WHAT YOU WILL DO:
In the records below, find the line that contains "define S where" and the line that contains "J(1) finite_subset by blast", then retype exactly those two lines and every line between them.

MATERIALS PROVIDED:
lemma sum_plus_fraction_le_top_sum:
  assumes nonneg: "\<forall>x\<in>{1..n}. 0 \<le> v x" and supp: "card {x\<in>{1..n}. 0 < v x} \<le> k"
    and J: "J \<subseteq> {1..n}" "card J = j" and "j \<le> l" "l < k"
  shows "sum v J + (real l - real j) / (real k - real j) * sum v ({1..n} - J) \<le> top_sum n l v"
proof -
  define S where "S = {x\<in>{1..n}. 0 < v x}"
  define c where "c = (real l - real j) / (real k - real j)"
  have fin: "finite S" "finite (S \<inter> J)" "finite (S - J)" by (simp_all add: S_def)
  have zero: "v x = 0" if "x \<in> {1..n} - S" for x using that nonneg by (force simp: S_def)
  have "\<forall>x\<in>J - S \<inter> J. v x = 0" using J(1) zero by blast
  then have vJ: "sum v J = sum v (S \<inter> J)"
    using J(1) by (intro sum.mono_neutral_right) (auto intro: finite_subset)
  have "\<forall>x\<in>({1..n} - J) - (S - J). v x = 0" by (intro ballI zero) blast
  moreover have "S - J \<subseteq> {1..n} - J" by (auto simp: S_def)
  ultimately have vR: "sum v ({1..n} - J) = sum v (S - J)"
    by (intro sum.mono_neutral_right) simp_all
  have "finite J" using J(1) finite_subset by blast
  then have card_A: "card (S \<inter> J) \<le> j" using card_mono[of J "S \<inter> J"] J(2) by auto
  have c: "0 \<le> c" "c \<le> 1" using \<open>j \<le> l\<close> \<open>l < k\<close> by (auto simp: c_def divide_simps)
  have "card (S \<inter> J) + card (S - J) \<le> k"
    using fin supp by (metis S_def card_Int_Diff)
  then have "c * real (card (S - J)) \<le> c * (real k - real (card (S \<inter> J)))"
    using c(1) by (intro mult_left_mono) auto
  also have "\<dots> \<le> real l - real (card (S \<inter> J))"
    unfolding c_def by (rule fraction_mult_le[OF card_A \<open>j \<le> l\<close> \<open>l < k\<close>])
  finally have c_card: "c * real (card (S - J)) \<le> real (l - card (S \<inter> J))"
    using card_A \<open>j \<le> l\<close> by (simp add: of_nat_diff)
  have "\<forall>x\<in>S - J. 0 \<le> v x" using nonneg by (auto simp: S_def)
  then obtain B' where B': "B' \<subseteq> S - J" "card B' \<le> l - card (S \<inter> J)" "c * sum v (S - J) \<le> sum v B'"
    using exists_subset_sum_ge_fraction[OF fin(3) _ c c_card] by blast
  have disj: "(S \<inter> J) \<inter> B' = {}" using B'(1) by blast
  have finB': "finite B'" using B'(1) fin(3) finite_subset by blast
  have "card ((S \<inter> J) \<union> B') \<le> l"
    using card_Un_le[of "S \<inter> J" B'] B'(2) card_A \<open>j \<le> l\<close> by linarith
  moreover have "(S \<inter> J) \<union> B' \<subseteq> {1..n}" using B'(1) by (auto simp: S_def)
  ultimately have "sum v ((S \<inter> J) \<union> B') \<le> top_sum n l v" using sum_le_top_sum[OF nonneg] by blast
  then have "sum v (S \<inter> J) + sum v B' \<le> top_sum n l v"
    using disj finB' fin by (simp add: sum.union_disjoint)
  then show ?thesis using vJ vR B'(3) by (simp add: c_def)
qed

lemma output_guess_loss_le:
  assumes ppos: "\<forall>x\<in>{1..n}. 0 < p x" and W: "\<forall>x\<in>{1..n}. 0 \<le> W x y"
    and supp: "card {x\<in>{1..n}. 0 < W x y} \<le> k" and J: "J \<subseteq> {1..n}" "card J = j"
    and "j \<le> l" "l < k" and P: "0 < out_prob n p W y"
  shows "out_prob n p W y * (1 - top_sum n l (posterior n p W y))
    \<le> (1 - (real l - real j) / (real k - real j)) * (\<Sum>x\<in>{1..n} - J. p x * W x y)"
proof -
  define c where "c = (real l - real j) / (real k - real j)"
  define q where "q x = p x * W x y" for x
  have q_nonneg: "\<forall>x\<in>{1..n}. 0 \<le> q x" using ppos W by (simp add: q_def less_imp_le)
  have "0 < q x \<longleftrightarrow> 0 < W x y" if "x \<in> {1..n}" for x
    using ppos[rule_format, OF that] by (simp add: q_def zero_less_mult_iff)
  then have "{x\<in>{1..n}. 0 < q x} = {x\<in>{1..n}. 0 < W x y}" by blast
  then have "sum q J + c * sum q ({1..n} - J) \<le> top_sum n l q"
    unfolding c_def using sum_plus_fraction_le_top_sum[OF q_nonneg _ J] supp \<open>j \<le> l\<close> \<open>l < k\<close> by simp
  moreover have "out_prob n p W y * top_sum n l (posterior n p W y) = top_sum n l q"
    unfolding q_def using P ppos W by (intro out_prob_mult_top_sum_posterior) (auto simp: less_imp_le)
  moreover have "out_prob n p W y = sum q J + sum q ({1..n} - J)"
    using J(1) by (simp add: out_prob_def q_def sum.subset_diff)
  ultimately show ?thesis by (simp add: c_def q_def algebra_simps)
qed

REPLY:
  define S where "S = {x\<in>{1..n}. 0 < v x}"
  define c where "c = (real l - real j) / (real k - real j)"
  have fin: "finite S" "finite (S \<inter> J)" "finite (S - J)" by (simp_all add: S_def)
  have zero: "v x = 0" if "x \<in> {1..n} - S" for x using that nonneg by (force simp: S_def)
  have "\<forall>x\<in>J - S \<inter> J. v x = 0" using J(1) zero by blast
  then have vJ: "sum v J = sum v (S \<inter> J)"
    using J(1) by (intro sum.mono_neutral_right) (auto intro: finite_subset)
  have "\<forall>x\<in>({1..n} - J) - (S - J). v x = 0" by (intro ballI zero) blast
  moreover have "S - J \<subseteq> {1..n} - J" by (auto simp: S_def)
  ultimately have vR: "sum v ({1..n} - J) = sum v (S - J)"
    by (intro sum.mono_neutral_right) simp_all
  have "finite J" using J(1) finite_subset by blast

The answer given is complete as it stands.